section \<open>Contraction\<close>

lemma contract_support:
  "{\<gamma>. contract r \<phi> F \<gamma> \<noteq> 0} \<subseteq> (\<Union>\<beta>\<in>{\<beta>. F \<beta> \<noteq> 0}. {\<gamma>. \<forall>i. \<gamma> i \<le> \<beta> i})"
  by (auto simp: contract_def split: if_splits elim!: sum.not_neutral_contains_not_neutral)

lemma contract_eq_sum:
  assumes "finite T" "{\<beta>. F \<beta> \<noteq> 0} \<subseteq> T"
  shows "contract r \<phi> F \<gamma> = (if \<gamma> \<in> mon r then
      (\<Sum>\<beta>\<in>T. if \<forall>i. \<gamma> i \<le> \<beta> i then \<phi> (\<beta> - \<gamma>) * F \<beta> else 0) else 0)"
  unfolding contract_def using assms by (auto intro!: sum.mono_neutral_left split: if_splits)

lemma contract_DP:
  assumes "F \<in> DP r"
  shows "contract r \<phi> F \<in> DP r"
proof -
  have "finite {\<gamma>. contract r \<phi> F \<gamma> \<noteq> 0}"
    using finite_subset[OF contract_support finite_lower_closure[OF assms]] .
  moreover have "contract r \<phi> F \<in> PS r" by (simp add: PS_def contract_def)
  ultimately show ?thesis by (simp add: DP_def)
qed

lemma contract_zero_left: "contract r 0 F = (\<lambda>_. 0)"
  by (rule ext) (simp add: contract_def cong: if_cong)

lemma contract_zero_right: "contract r \<phi> (\<lambda>_. 0) = (\<lambda>_. 0)"
  by (simp add: contract_def fun_eq_iff)

lemma contract_at_zero:
  "contract r \<phi> F 0 = (\<Sum>\<beta>\<in>{\<beta>. F \<beta> \<noteq> 0}. \<phi> \<beta> * F \<beta>)"
  by (simp add: contract_def mon_def)

lemma contract_add: "contract r (\<phi> + \<psi>) F = contract r \<phi> F + contract r \<psi> F"
  by (simp add: contract_def fun_eq_iff sum.distrib[symmetric] if_distrib distrib_right cong: if_cong)

lemma contract_scale: "contract r (\<lambda>z. c * \<phi> z) F = (\<lambda>z. c * contract r \<phi> F z)"
  by (auto simp: contract_def fun_eq_iff sum_distrib_left intro!: sum.cong)

lemma ps_mult_comm: "ps_mult \<phi> \<psi> = ps_mult \<psi> \<phi>"
  unfolding ps_mult_def
proof (rule ext, rule sum.reindex_bij_witness[where i="\<lambda>\<alpha>. _ - \<alpha>" and j="\<lambda>\<alpha>. _ - \<alpha>"])
  fix \<gamma> \<alpha> :: "nat \<Rightarrow> nat"
  assume "\<alpha> \<in> {\<alpha>. \<forall>i. \<alpha> i \<le> \<gamma> i}"
  then have "\<gamma> - (\<gamma> - \<alpha>) = \<alpha>" by (auto simp: fun_eq_iff)
  then show "\<gamma> - (\<gamma> - \<alpha>) = \<alpha>" "\<psi> (\<gamma> - \<alpha>) * \<phi> (\<gamma> - (\<gamma> - \<alpha>)) = \<phi> \<alpha> * \<psi> (\<gamma> - \<alpha>)"
    by (simp_all add: mult.commute)
qed auto

lemma ps_mult_add: "ps_mult (\<phi> + \<phi>') \<psi> = ps_mult \<phi> \<psi> + ps_mult \<phi>' \<psi>"
  by (simp add: ps_mult_def fun_eq_iff sum.distrib[symmetric] distrib_right)

lemma ps_mult_scale: "ps_mult (\<lambda>z. c * \<phi> z) \<psi> = (\<lambda>z. c * ps_mult \<phi> \<psi> z)"
  by (simp add: ps_mult_def fun_eq_iff sum_distrib_left mult.assoc)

» **Your task**: Each line in the data that holds the string "proof" must be returned.

» **Your solution**:
proof -
proof (rule ext, rule sum.reindex_bij_witness[where i="\<lambda>\<alpha>. _ - \<alpha>" and j="\<lambda>\<alpha>. _ - \<alpha>"])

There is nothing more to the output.